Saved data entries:

☆ ☆ ☆ ☆ ☆

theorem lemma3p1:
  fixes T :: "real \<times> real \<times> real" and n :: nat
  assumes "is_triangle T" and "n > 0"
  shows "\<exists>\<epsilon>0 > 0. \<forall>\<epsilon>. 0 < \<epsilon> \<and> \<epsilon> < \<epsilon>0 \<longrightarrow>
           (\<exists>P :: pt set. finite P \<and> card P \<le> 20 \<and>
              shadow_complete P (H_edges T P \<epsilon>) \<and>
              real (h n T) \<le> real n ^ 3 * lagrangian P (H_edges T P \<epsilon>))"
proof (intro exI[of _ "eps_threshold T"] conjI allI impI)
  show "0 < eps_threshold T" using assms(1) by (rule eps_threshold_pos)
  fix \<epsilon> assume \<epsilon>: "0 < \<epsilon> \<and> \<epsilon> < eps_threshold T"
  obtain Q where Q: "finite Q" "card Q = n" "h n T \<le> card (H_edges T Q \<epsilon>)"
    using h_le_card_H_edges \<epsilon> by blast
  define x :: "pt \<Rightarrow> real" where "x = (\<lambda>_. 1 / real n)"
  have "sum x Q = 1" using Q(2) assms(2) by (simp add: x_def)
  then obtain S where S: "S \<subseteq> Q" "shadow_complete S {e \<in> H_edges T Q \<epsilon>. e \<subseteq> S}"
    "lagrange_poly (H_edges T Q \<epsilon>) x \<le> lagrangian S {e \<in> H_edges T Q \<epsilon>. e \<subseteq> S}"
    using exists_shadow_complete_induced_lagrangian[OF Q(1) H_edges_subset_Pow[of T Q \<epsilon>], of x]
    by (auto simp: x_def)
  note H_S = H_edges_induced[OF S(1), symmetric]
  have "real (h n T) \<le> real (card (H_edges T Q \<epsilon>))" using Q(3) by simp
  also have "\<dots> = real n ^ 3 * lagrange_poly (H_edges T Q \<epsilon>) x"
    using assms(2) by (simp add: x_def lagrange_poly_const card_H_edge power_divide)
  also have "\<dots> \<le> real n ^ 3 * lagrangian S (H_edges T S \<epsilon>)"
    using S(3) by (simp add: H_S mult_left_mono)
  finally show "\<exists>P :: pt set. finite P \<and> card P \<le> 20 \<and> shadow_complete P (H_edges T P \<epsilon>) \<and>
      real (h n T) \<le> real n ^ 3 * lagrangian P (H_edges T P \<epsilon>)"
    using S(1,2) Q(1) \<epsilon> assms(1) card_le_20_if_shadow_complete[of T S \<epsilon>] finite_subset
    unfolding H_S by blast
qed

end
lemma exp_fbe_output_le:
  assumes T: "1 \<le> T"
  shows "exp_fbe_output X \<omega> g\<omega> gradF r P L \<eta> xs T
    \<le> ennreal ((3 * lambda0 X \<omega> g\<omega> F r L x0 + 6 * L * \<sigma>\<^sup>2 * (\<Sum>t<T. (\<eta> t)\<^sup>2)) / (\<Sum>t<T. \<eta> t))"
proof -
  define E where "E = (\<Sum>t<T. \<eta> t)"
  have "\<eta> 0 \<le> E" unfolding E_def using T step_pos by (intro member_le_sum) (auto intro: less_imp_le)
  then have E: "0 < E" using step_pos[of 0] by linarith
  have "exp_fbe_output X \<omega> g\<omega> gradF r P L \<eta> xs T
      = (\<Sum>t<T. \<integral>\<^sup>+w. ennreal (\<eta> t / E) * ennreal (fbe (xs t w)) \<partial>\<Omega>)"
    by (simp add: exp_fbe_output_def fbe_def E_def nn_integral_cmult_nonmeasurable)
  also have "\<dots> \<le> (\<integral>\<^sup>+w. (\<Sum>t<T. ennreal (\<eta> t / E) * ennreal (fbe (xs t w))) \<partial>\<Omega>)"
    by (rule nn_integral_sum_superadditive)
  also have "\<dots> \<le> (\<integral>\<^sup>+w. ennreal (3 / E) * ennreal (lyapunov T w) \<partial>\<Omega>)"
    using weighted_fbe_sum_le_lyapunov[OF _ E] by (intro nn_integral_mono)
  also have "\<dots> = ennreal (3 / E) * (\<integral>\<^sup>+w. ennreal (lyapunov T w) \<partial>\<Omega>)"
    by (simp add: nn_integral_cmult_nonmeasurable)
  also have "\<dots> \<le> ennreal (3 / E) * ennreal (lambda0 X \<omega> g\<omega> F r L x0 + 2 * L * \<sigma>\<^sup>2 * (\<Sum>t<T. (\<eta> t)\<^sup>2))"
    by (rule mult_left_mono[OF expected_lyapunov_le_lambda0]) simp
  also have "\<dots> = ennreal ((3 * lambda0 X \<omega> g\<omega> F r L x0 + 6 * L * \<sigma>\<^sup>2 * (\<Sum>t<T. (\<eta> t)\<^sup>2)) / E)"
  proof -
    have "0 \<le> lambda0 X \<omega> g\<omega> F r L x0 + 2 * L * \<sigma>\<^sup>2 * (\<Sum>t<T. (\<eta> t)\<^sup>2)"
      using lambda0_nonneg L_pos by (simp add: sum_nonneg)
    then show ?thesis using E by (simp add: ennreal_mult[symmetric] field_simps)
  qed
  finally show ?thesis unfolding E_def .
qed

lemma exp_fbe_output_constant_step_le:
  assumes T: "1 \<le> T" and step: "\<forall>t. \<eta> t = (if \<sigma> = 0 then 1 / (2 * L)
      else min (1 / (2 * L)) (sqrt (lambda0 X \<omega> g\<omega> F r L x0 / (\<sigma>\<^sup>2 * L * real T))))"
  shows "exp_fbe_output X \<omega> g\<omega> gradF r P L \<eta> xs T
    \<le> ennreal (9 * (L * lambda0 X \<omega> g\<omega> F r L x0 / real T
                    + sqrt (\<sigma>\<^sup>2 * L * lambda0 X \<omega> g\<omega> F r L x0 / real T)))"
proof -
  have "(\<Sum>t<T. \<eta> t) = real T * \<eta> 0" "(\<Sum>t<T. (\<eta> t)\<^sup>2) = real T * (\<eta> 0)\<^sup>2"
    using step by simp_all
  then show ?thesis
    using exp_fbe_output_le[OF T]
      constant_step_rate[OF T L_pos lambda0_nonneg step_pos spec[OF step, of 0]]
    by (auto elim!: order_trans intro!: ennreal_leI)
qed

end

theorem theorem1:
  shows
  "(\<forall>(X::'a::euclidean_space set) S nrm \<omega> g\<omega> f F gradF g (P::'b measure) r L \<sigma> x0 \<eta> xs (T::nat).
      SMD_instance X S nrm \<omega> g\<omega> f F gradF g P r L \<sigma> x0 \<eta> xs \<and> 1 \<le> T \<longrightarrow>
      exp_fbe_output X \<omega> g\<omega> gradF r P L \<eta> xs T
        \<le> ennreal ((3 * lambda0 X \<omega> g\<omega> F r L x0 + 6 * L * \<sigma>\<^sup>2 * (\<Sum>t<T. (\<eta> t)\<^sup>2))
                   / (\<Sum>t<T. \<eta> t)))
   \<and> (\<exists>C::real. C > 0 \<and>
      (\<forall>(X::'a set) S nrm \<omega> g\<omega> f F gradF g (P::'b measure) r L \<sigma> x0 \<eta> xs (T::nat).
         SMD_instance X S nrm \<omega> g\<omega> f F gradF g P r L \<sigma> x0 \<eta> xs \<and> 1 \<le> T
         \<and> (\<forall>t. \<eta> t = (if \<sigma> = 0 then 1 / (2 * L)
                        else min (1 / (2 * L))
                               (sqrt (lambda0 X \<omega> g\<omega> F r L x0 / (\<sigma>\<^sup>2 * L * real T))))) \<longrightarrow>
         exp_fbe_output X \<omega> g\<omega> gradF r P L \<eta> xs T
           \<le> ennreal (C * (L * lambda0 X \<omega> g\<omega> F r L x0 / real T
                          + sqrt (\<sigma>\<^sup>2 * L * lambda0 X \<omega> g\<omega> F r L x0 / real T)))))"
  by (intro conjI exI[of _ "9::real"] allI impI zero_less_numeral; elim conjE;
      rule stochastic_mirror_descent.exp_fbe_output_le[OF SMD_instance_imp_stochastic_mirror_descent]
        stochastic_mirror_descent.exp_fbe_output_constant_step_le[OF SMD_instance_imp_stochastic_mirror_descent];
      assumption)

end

☆ ☆ ☆ ☆ ☆

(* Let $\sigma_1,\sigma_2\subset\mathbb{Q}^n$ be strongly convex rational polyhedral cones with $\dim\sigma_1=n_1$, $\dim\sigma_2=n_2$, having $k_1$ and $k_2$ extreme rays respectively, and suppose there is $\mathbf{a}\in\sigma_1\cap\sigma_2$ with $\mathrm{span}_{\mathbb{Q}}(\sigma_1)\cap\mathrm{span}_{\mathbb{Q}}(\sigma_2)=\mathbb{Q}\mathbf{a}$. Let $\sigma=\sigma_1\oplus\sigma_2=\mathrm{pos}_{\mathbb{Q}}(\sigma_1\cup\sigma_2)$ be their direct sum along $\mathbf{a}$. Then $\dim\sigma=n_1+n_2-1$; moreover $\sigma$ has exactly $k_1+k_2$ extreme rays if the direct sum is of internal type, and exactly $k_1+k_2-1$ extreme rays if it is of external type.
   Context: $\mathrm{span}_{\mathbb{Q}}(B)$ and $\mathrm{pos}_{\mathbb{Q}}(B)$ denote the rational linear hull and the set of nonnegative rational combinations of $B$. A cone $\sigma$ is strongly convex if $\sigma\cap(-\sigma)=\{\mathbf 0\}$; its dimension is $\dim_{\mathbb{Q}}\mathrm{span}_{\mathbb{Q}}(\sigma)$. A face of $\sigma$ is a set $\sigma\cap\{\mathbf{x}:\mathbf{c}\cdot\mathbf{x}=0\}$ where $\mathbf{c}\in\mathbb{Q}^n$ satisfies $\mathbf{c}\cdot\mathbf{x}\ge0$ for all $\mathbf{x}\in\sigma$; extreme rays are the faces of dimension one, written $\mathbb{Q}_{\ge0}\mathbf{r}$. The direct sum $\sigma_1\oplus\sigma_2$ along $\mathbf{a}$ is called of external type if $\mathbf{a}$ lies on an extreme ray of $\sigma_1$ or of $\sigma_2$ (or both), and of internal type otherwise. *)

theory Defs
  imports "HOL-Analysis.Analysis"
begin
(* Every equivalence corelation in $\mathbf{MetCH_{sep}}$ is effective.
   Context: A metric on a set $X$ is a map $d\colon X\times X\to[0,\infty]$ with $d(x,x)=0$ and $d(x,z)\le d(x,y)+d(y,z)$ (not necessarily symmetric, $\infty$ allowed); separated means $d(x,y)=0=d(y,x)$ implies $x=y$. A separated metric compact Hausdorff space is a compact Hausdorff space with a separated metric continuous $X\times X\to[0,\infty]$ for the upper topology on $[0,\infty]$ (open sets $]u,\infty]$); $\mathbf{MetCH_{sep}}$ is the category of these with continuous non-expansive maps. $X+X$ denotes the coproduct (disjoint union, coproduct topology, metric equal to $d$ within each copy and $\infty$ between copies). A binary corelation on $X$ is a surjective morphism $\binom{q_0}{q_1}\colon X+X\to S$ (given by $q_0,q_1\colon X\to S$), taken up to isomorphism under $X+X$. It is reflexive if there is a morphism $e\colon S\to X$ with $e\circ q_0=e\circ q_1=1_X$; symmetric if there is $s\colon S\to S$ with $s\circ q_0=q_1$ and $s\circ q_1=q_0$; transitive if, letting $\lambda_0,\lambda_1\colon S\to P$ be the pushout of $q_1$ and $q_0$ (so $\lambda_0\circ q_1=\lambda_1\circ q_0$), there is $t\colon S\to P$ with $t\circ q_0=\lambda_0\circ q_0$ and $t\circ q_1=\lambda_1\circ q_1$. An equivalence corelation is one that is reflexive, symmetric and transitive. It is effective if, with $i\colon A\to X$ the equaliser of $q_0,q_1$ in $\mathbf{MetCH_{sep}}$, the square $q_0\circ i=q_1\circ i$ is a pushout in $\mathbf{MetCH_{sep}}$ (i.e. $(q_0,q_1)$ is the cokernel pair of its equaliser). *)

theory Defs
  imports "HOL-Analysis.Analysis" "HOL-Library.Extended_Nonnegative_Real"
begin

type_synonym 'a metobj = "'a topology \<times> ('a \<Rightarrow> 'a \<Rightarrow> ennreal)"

☆ ☆ ☆ ☆ ☆

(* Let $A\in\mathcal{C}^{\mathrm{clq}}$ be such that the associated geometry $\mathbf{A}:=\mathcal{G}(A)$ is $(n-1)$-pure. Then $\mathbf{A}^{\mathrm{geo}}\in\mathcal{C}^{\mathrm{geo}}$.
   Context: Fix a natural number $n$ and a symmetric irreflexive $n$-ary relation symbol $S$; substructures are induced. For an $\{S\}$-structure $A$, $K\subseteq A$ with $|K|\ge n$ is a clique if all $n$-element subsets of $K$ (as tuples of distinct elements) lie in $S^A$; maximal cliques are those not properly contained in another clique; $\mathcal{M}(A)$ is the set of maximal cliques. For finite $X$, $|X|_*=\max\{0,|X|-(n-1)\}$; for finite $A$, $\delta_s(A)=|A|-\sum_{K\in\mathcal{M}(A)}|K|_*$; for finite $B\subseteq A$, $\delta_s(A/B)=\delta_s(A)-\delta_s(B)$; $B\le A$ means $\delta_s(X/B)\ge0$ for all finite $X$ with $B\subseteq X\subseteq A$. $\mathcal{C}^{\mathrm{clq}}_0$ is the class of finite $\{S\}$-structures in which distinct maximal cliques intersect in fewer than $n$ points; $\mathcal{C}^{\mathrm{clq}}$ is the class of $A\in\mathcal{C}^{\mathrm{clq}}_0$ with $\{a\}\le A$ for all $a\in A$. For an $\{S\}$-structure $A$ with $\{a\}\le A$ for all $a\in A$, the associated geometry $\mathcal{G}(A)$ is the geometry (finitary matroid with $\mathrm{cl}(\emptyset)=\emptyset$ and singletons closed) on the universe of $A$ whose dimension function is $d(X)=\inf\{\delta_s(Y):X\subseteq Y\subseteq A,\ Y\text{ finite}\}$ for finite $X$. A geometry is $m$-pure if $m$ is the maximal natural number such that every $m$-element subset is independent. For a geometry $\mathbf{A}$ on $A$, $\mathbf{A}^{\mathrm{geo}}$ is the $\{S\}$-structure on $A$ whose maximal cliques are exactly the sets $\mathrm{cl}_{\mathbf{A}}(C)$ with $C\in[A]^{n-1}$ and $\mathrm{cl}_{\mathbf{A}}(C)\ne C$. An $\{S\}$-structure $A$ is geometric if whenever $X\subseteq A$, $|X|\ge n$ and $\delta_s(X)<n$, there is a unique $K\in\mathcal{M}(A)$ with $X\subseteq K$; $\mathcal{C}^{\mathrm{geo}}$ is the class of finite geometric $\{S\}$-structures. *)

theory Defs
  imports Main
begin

☆ ☆ ☆ ☆ ☆

# WHAT IS NEEDED:
Take the entries above and copy out all lines with the string "Analysis".

# EXERCISE OUTPUT:
  imports "HOL-Analysis.Analysis"
  imports "HOL-Analysis.Analysis" "HOL-Library.Extended_Nonnegative_Real"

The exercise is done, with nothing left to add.